[Information shown — start]
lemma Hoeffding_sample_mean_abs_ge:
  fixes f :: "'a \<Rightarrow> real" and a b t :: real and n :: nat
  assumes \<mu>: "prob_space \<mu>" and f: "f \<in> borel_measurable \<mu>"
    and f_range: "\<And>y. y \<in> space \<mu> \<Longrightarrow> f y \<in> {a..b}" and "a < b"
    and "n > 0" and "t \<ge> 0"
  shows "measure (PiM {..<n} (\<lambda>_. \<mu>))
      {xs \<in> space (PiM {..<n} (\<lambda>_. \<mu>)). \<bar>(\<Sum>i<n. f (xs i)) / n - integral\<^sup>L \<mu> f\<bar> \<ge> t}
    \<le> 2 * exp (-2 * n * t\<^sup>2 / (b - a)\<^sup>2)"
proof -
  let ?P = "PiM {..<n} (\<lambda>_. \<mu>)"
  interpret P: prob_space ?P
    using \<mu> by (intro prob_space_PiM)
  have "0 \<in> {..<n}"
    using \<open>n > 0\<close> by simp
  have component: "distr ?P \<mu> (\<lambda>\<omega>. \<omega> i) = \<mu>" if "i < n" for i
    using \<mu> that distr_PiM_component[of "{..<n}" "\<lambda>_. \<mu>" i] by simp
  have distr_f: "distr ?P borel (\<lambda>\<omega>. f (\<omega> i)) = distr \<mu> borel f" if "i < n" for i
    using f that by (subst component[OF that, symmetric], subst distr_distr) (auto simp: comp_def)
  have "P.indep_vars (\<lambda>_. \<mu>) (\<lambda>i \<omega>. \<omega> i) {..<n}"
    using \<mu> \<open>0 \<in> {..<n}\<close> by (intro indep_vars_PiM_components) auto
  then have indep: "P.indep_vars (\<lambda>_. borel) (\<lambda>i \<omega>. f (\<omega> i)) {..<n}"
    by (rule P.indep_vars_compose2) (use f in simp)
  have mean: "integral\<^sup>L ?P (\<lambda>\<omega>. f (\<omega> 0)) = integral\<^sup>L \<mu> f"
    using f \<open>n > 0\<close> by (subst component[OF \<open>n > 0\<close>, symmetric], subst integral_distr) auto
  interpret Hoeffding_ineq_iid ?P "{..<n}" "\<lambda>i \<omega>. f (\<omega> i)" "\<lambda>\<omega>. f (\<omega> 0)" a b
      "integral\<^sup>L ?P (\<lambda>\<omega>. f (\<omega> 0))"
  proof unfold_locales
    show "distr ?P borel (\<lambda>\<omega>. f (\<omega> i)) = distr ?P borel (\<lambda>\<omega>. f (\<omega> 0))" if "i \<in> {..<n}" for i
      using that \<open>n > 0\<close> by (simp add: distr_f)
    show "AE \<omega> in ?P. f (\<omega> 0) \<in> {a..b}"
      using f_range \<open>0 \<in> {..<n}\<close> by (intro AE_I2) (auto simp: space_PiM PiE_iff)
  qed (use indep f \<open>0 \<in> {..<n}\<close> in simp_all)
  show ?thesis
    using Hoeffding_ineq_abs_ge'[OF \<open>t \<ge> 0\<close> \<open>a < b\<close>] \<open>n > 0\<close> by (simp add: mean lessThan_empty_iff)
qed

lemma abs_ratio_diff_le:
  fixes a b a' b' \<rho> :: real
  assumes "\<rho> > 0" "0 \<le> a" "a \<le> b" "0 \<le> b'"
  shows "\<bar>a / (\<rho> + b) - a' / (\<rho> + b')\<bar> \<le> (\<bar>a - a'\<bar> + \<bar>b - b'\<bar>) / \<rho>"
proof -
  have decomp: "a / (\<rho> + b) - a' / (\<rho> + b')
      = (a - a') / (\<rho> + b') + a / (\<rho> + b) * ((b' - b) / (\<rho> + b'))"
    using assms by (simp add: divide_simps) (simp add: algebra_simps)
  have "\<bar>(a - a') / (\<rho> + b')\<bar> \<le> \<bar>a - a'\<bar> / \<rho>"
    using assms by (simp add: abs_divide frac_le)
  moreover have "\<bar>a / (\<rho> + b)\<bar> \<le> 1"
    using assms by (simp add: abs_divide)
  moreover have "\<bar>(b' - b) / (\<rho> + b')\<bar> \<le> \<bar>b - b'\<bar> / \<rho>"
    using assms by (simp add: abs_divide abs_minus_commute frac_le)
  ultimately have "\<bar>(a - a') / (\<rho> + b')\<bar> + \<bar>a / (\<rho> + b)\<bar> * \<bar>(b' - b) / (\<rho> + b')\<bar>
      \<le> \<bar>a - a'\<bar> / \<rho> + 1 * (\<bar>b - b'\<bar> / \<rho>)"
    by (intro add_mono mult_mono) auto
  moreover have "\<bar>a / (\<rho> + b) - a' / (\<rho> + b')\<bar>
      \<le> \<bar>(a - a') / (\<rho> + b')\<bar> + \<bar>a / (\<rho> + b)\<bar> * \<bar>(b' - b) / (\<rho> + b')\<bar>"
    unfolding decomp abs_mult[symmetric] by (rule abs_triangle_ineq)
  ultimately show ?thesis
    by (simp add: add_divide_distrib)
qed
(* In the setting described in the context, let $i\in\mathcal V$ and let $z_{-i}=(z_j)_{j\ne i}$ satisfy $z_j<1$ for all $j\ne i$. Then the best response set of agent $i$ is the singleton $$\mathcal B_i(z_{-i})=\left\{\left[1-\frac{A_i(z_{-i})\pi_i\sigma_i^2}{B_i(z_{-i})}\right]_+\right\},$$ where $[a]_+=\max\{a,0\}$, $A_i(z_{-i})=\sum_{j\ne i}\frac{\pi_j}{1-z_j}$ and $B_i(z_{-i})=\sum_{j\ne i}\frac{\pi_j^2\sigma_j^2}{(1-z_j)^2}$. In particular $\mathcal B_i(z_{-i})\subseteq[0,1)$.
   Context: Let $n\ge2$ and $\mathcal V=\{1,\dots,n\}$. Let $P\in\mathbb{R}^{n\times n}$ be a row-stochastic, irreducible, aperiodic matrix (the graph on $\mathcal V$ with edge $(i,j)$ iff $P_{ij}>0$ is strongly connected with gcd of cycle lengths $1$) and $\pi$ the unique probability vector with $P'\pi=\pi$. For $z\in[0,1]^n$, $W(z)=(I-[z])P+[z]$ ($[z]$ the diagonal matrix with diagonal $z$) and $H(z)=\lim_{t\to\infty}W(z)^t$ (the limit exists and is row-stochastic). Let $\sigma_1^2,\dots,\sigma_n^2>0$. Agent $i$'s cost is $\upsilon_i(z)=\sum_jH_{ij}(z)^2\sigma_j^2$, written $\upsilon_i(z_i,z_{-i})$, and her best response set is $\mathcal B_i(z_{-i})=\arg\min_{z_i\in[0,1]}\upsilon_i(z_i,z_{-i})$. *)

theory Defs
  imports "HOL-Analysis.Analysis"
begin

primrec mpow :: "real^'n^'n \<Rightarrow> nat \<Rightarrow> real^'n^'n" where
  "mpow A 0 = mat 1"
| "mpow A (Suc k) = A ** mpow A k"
[Information shown — finish]
- Problem requirements:
All that is needed is how many lines of the data contain "shows", stated as a number.

- Your solution:
2